Captain, the undeclared leader of the band, was skinny and pale. It was hard to believe he could become the respected one in a group of rough, heedless little monsters. But his eyes were dark and intelligent, and his voice had an authoritative tone. Most importantly, as class leader, he bore much weight with the Teachers. He didn’t necessarily like the scratches on paper, but he read them well. He also understood the alien symbols that sometimes meant apples being taken away or more apples dumped in, or in other words, Math. This elevated her almost to the level of a god among the children. Cow was another matter. She liked good food, good movies, good clothes, and good friends. Though her flat nose did not help her beauty, she liked to preen and comb and stare at the mirror. This was incomprehensible to Shorty, who liked better to fight, or spin new stories. Now Cow, curious, spoke up. “Shortages…of what?”

“Food, stupid, food. We all gonna run out of food and starve or something. I heard a Teacher whispering about it yesterday.” It was Shorty who answered. “I hear that when you don’t have food you get really skinny but your stomach bloats up…”

“And?” pressed Cow earnestly.

“And…and you explode! Like a balloon the Sand Rats used,” explained Shorty, and Cow made a disgusted face.

“That’s not gonna happen,” said another voice, and Shorty grinned because it was her friend Squirrel, who sat down without ceremony. “We always have the two cats kept in the Petting Zoo. We won’t eat the dog until last because I like dogs.”

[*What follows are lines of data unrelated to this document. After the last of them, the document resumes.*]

lemma ES_upper_eq:
  assumes "0 < \<tau>" "\<tau> < 1" and q: "q \<in> quantile_set \<tau> M" and Y: "integrable M (\<lambda>y. y)"
  shows "(1 - \<tau>) * (ES_upper \<tau> M - q) = (\<integral>y. indicator {q<..} y * (y - q) \<partial>M)"
proof -
  have "AE p in lborel. p \<in> {0<..<1} \<longrightarrow> I p - q = 0 \<or> (p \<in> {\<tau><..<1} \<longleftrightarrow> I p \<in> {q<..})"
    using AE_lborel_singleton[of \<tau>]
  proof eventually_elim
    case (elim p)
    then show ?case
      using quantile_fun_le_quantile[OF q, of p] quantile_le_quantile_fun[OF q, of p] assms(1,2)
      by (cases "p < \<tau>") auto
  qed
  moreover have "integrable M (\<lambda>y. y - q)" "{\<tau><..<1} \<subseteq> {0<..<1}"
    using Y assms(1) by auto
  ultimately have tail: "set_integrable lborel {\<tau><..<1} (\<lambda>p. I p - q)"
      "(LINT p:{\<tau><..<1}|lborel. I p - q) = (\<integral>y. indicator {q<..} y * (y - q) \<partial>M)"
    using set_integral_quantile_fun_tail[of "\<lambda>y. y - q" "{q<..}" "{\<tau><..<1}"] by auto
  have const: "set_integrable lborel {\<tau><..<1} (\<lambda>_. q)"
    using integrable_real_indicator[of "{\<tau><..<1}" lborel] assms(2) by (simp add: set_integrable_def)
  have "set_integrable lborel {\<tau><..<1} I"
    using set_integral_add(1)[OF tail(1) const] by simp
  then have "(1 - \<tau>) * (ES_upper \<tau> M - q) = (LINT p:{\<tau><..<1}|lborel. I p - q)"
    using assms(2) const by (simp add: ES_upper_def quantile_fun_eq_I right_diff_distrib set_integral_const)
  then show ?thesis
    using tail(2) by simp
qed

lemma integral_gpl_score_id_at_quantile:
  assumes "0 < \<tau>" "\<tau> < 1" "q \<in> quantile_set \<tau> M" and Y: "integrable M (\<lambda>y. y)"
  shows "(\<integral>y. gpl_score \<tau> (\<lambda>y. y) q y \<partial>M) = \<tau> * ((\<integral>y. y \<partial>M) - ES_lower \<tau> M)"
    and "(\<integral>y. gpl_score \<tau> (\<lambda>y. y) q y \<partial>M) = (1 - \<tau>) * (ES_upper \<tau> M - (\<integral>y. y \<partial>M))"
proof -
  have ind_int: "integrable M (\<lambda>y. indicator A y * (y - q))" if "A \<in> sets borel" for A
    using integrable_mult_indicator[of A M "\<lambda>y. y - q"] that Y by simp
  have mean: "(\<integral>y. c * (y - q) \<partial>M) = c * ((\<integral>y. y \<partial>M) - q)" for c
    using Y prob_space by simp
  have "gpl_score \<tau> (\<lambda>y. y) q y = \<tau> * (y - q) - indicator {..q} y * (y - q)" for y
    by (simp add: gpl_score_def algebra_simps)
  then have "(\<integral>y. gpl_score \<tau> (\<lambda>y. y) q y \<partial>M)
      = (\<integral>y. \<tau> * (y - q) \<partial>M) - (\<integral>y. indicator {..q} y * (y - q) \<partial>M)"
    using ind_int Y by simp
  then show "(\<integral>y. gpl_score \<tau> (\<lambda>y. y) q y \<partial>M) = \<tau> * ((\<integral>y. y \<partial>M) - ES_lower \<tau> M)"
    unfolding mean ES_lower_eq[OF assms, symmetric] by (simp add: algebra_simps)
  have "gpl_score \<tau> (\<lambda>y. y) q y = (\<tau> - 1) * (y - q) + indicator {q<..} y * (y - q)" for y
    by (simp add: gpl_score_def algebra_simps indicator_def)
  then have "(\<integral>y. gpl_score \<tau> (\<lambda>y. y) q y \<partial>M)
      = (\<integral>y. (\<tau> - 1) * (y - q) \<partial>M) + (\<integral>y. indicator {q<..} y * (y - q) \<partial>M)"
    using ind_int Y by simp
  then show "(\<integral>y. gpl_score \<tau> (\<lambda>y. y) q y \<partial>M) = (1 - \<tau>) * (ES_upper \<tau> M - (\<integral>y. y \<partial>M))"
    unfolding mean ES_upper_eq[OF assms, symmetric] by (simp add: algebra_simps)
qed

lemma set_integral_quantile_fun_average_mem:
  assumes "0 \<le> a" "a < b" "b \<le> 1" and Y: "is_interval Y" "AE y in M. y \<in> Y"
    and int: "integrable M (\<lambda>y. y)"
  shows "(LINT p:{a<..<b}|lborel. I p) / (b - a) \<in> Y"
proof -
  have "set_integrable lborel {a<..<b} I"
    by (rule set_integrable_subset[OF quantile_transform(1)[OF int]]) (use assms(1,3) in auto)
  moreover have "AE p in lborel. p \<in> {a<..<b} \<longrightarrow> I p \<in> Y"
    using AE_quantile_transform[OF Y(2) real_interval_borel_measurable[OF Y(1)]] assms(1,3)
    by (auto elim!: eventually_mono)
  ultimately show ?thesis
    using set_integral_average_mem_interval[OF Y(1), of "{a<..<b}" lborel I] assms(1,2) by simp
qed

“Well, what if we eat all the animals in the Petting Zoo? What next?” asked Captain, ever the thinker.

“I bet there’s tons of food buried under the cafeteria. Where else do they get the food? And we can buy lots of snacks in the school shop. After that, there’s always grass roots in the field,” answered Squirrel confidently. She was a tall and plump girl, full of wit and always sure of her rightness.

“There’s no buried food, silly. It’s in the storage. I know where it is,” said Shorty, impaling another piece of chicken on her fork. But suddenly, she began to think about it seriously. What if there was really going to be no food left? She had heard about this from her parents, a period without food and when everyone starved and…but she had never seen it happen. This was a peaceful age. There was no war, no fear, no lack of anything.

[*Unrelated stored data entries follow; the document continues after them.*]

lemma exists_regular: "\<exists>u. \<forall>\<alpha>\<in>R. inv_inner \<alpha> u \<noteq> 0"
proof -
  have "\<exists>u. \<forall>\<alpha>\<in>S. inv_inner \<alpha> u \<noteq> 0" if "S \<subseteq> R" for S
    using finite_subset[OF that finite_roots] that
  proof (induction S rule: finite_induct)
    case empty
    then show ?case by simp
  next
    case (insert \<beta> S)
    then obtain u where u: "\<forall>\<alpha>\<in>S. inv_inner \<alpha> u \<noteq> 0"
      by auto
    obtain t where "0 < t" and t: "\<forall>\<alpha>\<in>insert \<beta> S. inv_inner \<alpha> u \<noteq> 0 \<longrightarrow>
        sgn (inv_inner \<alpha> (u + t *s \<beta>)) = sgn (inv_inner \<alpha> u)"
      using inv_inner_sgn_stable_perturbation[of "insert \<beta> S" u \<beta>] insert.hyps(1) by blast
    have "inv_inner \<alpha> (u + t *s \<beta>) \<noteq> 0" if \<alpha>: "\<alpha> \<in> insert \<beta> S" for \<alpha>
    proof (cases "inv_inner \<alpha> u = 0")
      case True
      then have "\<alpha> = \<beta>"
        using u \<alpha> by auto
      then show ?thesis
        using True \<open>0 < t\<close> inv_inner_root_pos[of \<beta>] insert.prems
        by (simp add: inv_inner_add_right inv_inner_scale_right)
    next
      case False
      then show ?thesis
        using t \<alpha> by (metis sgn_0_0)
    qed
    then show ?case
      by blast
  qed
  then show ?thesis
    by blast
qed

lemma exists_regular_refining:
  "\<exists>x0. (\<forall>\<alpha>\<in>R. inv_inner \<alpha> x0 \<noteq> 0) \<and>
        (\<forall>\<alpha>\<in>R. inv_inner \<alpha> v \<noteq> 0 \<longrightarrow> sgn (inv_inner \<alpha> x0) = sgn (inv_inner \<alpha> v))"
proof -
  obtain u where u: "\<forall>\<alpha>\<in>R. inv_inner \<alpha> u \<noteq> 0"
    using exists_regular by blast
  obtain t where "0 < t" and t: "\<forall>\<alpha>\<in>R. inv_inner \<alpha> v \<noteq> 0 \<longrightarrow>
      sgn (inv_inner \<alpha> (v + t *s u)) = sgn (inv_inner \<alpha> v)"
    using inv_inner_sgn_stable_perturbation[OF finite_roots] by blast
  have "inv_inner \<alpha> (v + t *s u) \<noteq> 0" if \<alpha>: "\<alpha> \<in> R" for \<alpha>
  proof (cases "inv_inner \<alpha> v = 0")
    case True
    then show ?thesis
      using u \<alpha> \<open>0 < t\<close> by (simp add: inv_inner_add_right inv_inner_scale_right)
  next
    case False
    then show ?thesis
      using t \<alpha> by (metis sgn_0_0)
  qed
  with t show ?thesis
    by blast
qed

definition chamber :: "rat ^ 'n \<Rightarrow> (rat ^ 'n) set" where
  "chamber x0 = {x. \<forall>\<alpha>\<in>R. sgn (inv_inner \<alpha> x) = sgn (inv_inner \<alpha> x0)}"

lemma weyl_chamber_chamber:
  assumes "\<forall>\<alpha>\<in>R. inv_inner \<alpha> x0 \<noteq> 0"
  shows "weyl_chamber R (chamber x0)"
proof -
  have "coroot R \<alpha> x0 \<noteq> 0" if "\<alpha> \<in> R" for \<alpha>
    using assms that sgn_coroot by (metis sgn_0_0)
  moreover have "chamber x0 = {x. \<forall>\<alpha>\<in>R. sgn (coroot R \<alpha> x) = sgn (coroot R \<alpha> x0)}"
    by (simp add: chamber_def sgn_coroot)
  ultimately show ?thesis
    unfolding weyl_chamber_def by blast
qed

lemma qclosure_chamber:
  assumes x: "x \<in> qclosure (chamber x0)" and \<alpha>: "\<alpha> \<in> R"
  shows "0 \<le> inv_inner \<alpha> x0 * inv_inner \<alpha> x"
proof -
  have "qlinear (\<lambda>y. inv_inner \<alpha> x0 * inv_inner \<alpha> y)"
    by (simp add: qlinear_def inv_inner_add_right inv_inner_scale_right algebra_simps)
  moreover have "chamber x0 \<subseteq> {y. 0 \<le> inv_inner \<alpha> x0 * inv_inner \<alpha> y}"
    using \<alpha> by (auto simp: chamber_def intro: sgn_eq_imp_mult_nonneg)
  ultimately show ?thesis
    using qclosure_subset_halfspace x by blast
qed

lemma zero_in_qclosure_chamber: "0 \<in> qclosure (chamber x0)"
  by (rule zero_in_qclosure[of x0]) (simp add: chamber_def inv_inner_scale_right sgn_mult)

lemma qclosure_chamber_mult_nonneg:
  assumes refines: "\<forall>\<alpha>\<in>R. f \<alpha> \<noteq> 0 \<longrightarrow> sgn (inv_inner \<alpha> x0) = sgn (f \<alpha>)"
    and x: "x \<in> qclosure (chamber x0)" and \<alpha>: "\<alpha> \<in> R"
  shows "0 \<le> f \<alpha> * inv_inner \<alpha> x"
proof (cases "f \<alpha> = 0")
  case False
  then have "sgn (inv_inner \<alpha> x0) = sgn (f \<alpha>)"
    using refines \<alpha> by blast
  then show ?thesis
    using qclosure_chamber[OF x \<alpha>] by (rule mult_nonneg_sgn_cong)
qed simp

end

locale irreducible_rational_root_system = rational_root_system +
  assumes irreducible: "irreducible_root_system R"
begin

“What’s the word for it, Captain? The word for the time with no food?” Shorty turned to the dictionary Captain.

“Umm…’famine’,” he replied. “Well I don’t think they really gonna have a famine. I mean, come on. Don’t they grow lots and lots of food in those big fields we see on TV with the tractors and stuff?”

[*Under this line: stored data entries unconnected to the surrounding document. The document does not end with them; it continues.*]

(* Let $\lambda \geq 2$ be an integer. Then there exists a positive integer $p''(\lambda)$ such that, with $p = p''(\lambda)$, each of the following three graphs has smallest adjacency eigenvalue less than $-\lambda$: (i) the graph consisting of $\lambda+1$ pairwise disjoint and mutually non-adjacent cliques $K_p$ together with one extra vertex adjacent to all vertices of these cliques; (ii) the graph consisting of two adjacent vertices $s$ and $s'$ and $\lambda+1$ pairwise disjoint, mutually non-adjacent cliques $Q_1,\dots,Q_{\lambda+1}$, each a $K_p$, where $s$ is adjacent to all vertices of $Q_1,\dots,Q_\lambda$ and to none of $Q_{\lambda+1}$, and $s'$ is adjacent to all vertices of $Q_{\lambda+1}$ and to none of $Q_1,\dots,Q_\lambda$; (iii) the graph consisting of a complete graph $K_{n+1}$ with $n = \lambda^2-\lambda+1$, together with a clique $K_p$ on $p$ new vertices, each of which is adjacent to exactly the same $n$ fixed vertices of the $K_{n+1}$ (and not to the remaining vertex).
   Context: The smallest eigenvalue of a graph refers to the smallest eigenvalue of its adjacency matrix. In the paper these graphs are $G(\mathfrak{h}^{(\lambda+1)},p)$, $G(\mathfrak{h}^{(\lambda,1)},p)$ and $G(\mathfrak{c}_{\lambda^2-\lambda+1},p)$, obtained from Hoffman graphs by replacing each fat vertex by a clique $K_p$ joined to all slim neighbours of that fat vertex. *)

theory Defs
  imports "Jordan_Normal_Form.Char_Poly"
begin

definition adj_matrix :: "nat \<Rightarrow> (nat \<Rightarrow> nat \<Rightarrow> bool) \<Rightarrow> real mat" where
  "adj_matrix N E = mat N N (\<lambda>(i,j). if E i j then 1 else 0)"

definition smallest_eigenvalue :: "real mat \<Rightarrow> real" where
  "smallest_eigenvalue A = Min {\<mu>. eigenvalue A \<mu>}"

text \<open>(i): lam+1 disjoint cliques K_p on vertices 0..<(lam+1)p (vertex v lies in
  clique v div p), plus vertex (lam+1)p adjacent to all of them.\<close>
definition adj1 :: "nat \<Rightarrow> nat \<Rightarrow> nat \<Rightarrow> nat \<Rightarrow> bool" where
  "adj1 lam p i j = (let M = (lam+1)*p in
     i \<noteq> j \<and> ((i < M \<and> j < M \<and> i div p = j div p) \<or> (i = M \<and> j < M) \<or> (j = M \<and> i < M)))"

definition graph1 :: "nat \<Rightarrow> nat \<Rightarrow> real mat" where
  "graph1 lam p = adj_matrix ((lam+1)*p + 1) (adj1 lam p)"

text \<open>(ii): cliques Q_1..Q_(lam+1) on vertices 0..<(lam+1)p (Q_(k+1) = vertices with
  div p = k), s = (lam+1)p, s' = (lam+1)p+1; s ~ s', s ~ Q_1..Q_lam (vertices < lam p),
  s' ~ Q_(lam+1) (vertices lam p ..< (lam+1)p).\<close>
definition adj2 :: "nat \<Rightarrow> nat \<Rightarrow> nat \<Rightarrow> nat \<Rightarrow> bool" where
  "adj2 lam p i j = (let M = (lam+1)*p; s = M; s' = M+1;
     E = (\<lambda>a b. (a < M \<and> b < M \<and> a div p = b div p)
               \<or> (a = s \<and> b = s')
               \<or> (a = s \<and> b < lam*p)
               \<or> (a = s' \<and> lam*p \<le> b \<and> b < M))
     in i \<noteq> j \<and> (E i j \<or> E j i))"

definition graph2 :: "nat \<Rightarrow> nat \<Rightarrow> real mat" where
  "graph2 lam p = adj_matrix ((lam+1)*p + 2) (adj2 lam p)"

text \<open>(iii): K_(n+1) on vertices 0..n, clique K_p on vertices n+1..n+p, each of which
  is adjacent to vertices 0..n-1 (not to vertex n); n = lam^2-lam+1.\<close>
definition adj3 :: "nat \<Rightarrow> nat \<Rightarrow> nat \<Rightarrow> nat \<Rightarrow> bool" where
  "adj3 lam p i j = (let n = lam^2 - lam + 1 in
     i \<noteq> j \<and> ((i \<le> n \<and> j \<le> n) \<or> (n < i \<and> n < j) \<or> (i < n \<and> n < j) \<or> (j < n \<and> n < i)))"

definition graph3 :: "nat \<Rightarrow> nat \<Rightarrow> real mat" where
  "graph3 lam p = adj_matrix ((lam^2 - lam + 1) + 1 + p) (adj3 lam p)"

end

theory Submission
  imports Defs
begin

(* Each graph has an equitable partition into its cliques and its special vertices, so an
   eigenvalue of the quotient matrix of that partition is an eigenvalue of the graph, with
   an eigenvector constant on the classes. For p = lam^4 the characteristic polynomial of
   each quotient matrix changes sign between -p and -lam, hence has a root below -lam. *)

lemma smallest_eigenvalue_le:
  assumes A: "A \<in> carrier_mat n n" and "eigenvalue A \<mu>"
  shows "smallest_eigenvalue A \<le> \<mu>"
proof -
  have "char_poly A \<noteq> 0" using degree_monic_char_poly[OF A] by auto
  hence "finite {x. poly (char_poly A) x = 0}" by (rule poly_roots_finite)
  moreover have "{x. eigenvalue A x} = {x. poly (char_poly A) x = 0}"
    using eigenvalue_root_char_poly[OF A] by auto
  ultimately have "finite {x. eigenvalue A x}" by simp
  thus ?thesis unfolding smallest_eigenvalue_def using assms(2) by (simp add: Min_le)
qed

lemma adj_matrix_mult_vec:
  assumes "i < N"
  shows "(adj_matrix N E *\<^sub>v vec N f) $ i = (\<Sum>j\<in>{j. j < N \<and> E i j}. f j)"
proof -
  have "(adj_matrix N E *\<^sub>v vec N f) $ i = (\<Sum>j<N. if E i j then f j else 0)"
    using assms unfolding adj_matrix_def
    by (auto simp: scalar_prod_def lessThan_atLeast0 intro!: sum.cong)
  also have "\<dots> = (\<Sum>j\<in>{j. j < N \<and> E i j}. f j)"
    by (simp add: sum.inter_filter[symmetric] Collect_conj_eq lessThan_def Int_commute)
  finally show ?thesis .
qed

lemma smallest_eigenvalue_adj_matrix_le:
  fixes f :: "nat \<Rightarrow> real"
  assumes eigen: "\<And>i. i < N \<Longrightarrow> (\<Sum>j\<in>{j. j < N \<and> E i j}. f j) = \<mu> * f i"
    and "z < N" "f z \<noteq> 0"
  shows "smallest_eigenvalue (adj_matrix N E) \<le> \<mu>"
proof (rule smallest_eigenvalue_le)
  show A: "adj_matrix N E \<in> carrier_mat N N" unfolding adj_matrix_def by simp
  have "adj_matrix N E *\<^sub>v vec N f = \<mu> \<cdot>\<^sub>v vec N f"
  proof (rule eq_vecI)
    fix i assume "i < dim_vec (\<mu> \<cdot>\<^sub>v vec N f)"
    hence "i < N" by simp
    thus "(adj_matrix N E *\<^sub>v vec N f) $ i = (\<mu> \<cdot>\<^sub>v vec N f) $ i"
      by (simp only: adj_matrix_mult_vec eigen) simp
  qed (use A in simp)
  moreover have "vec N f \<noteq> 0\<^sub>v N" using assms(2,3) by (auto simp: vec_eq_iff)
  ultimately show "eigenvalue (adj_matrix N E) \<mu>"
    unfolding eigenvalue_def eigenvector_def using A by (intro exI[of _ "vec N f"]) auto
qed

“Well, if it comes to it we can always eat a Teacher,” joked Squirrel, but everyone fell silent.

“You mustn’t say something like that, Squirrel,” whispered Cow fearfully. “They’d hear and you’d get punished. Big ruler and whack!”

With that, the talk about the food shortages was over, because a kid had just been caught trying to dump his leftovers away. A Teacher silenced the whole cafeteria and began to drone on relentlessly about the wastefulness of the modern generation. Then they were all sent to the dorm. There, Shorty and Squirrel both claimed an empty bed as territory, and they fought with pillows. Shorty won because she was strong and liked winning, and she forgot all about her fear of the famine. Then they began to jump on their beds until the ceilings shook with their laughter. After that a Teacher yelled, and they all went to bed.

The next morning, the children pranced to the cafeteria, but there was no breakfast.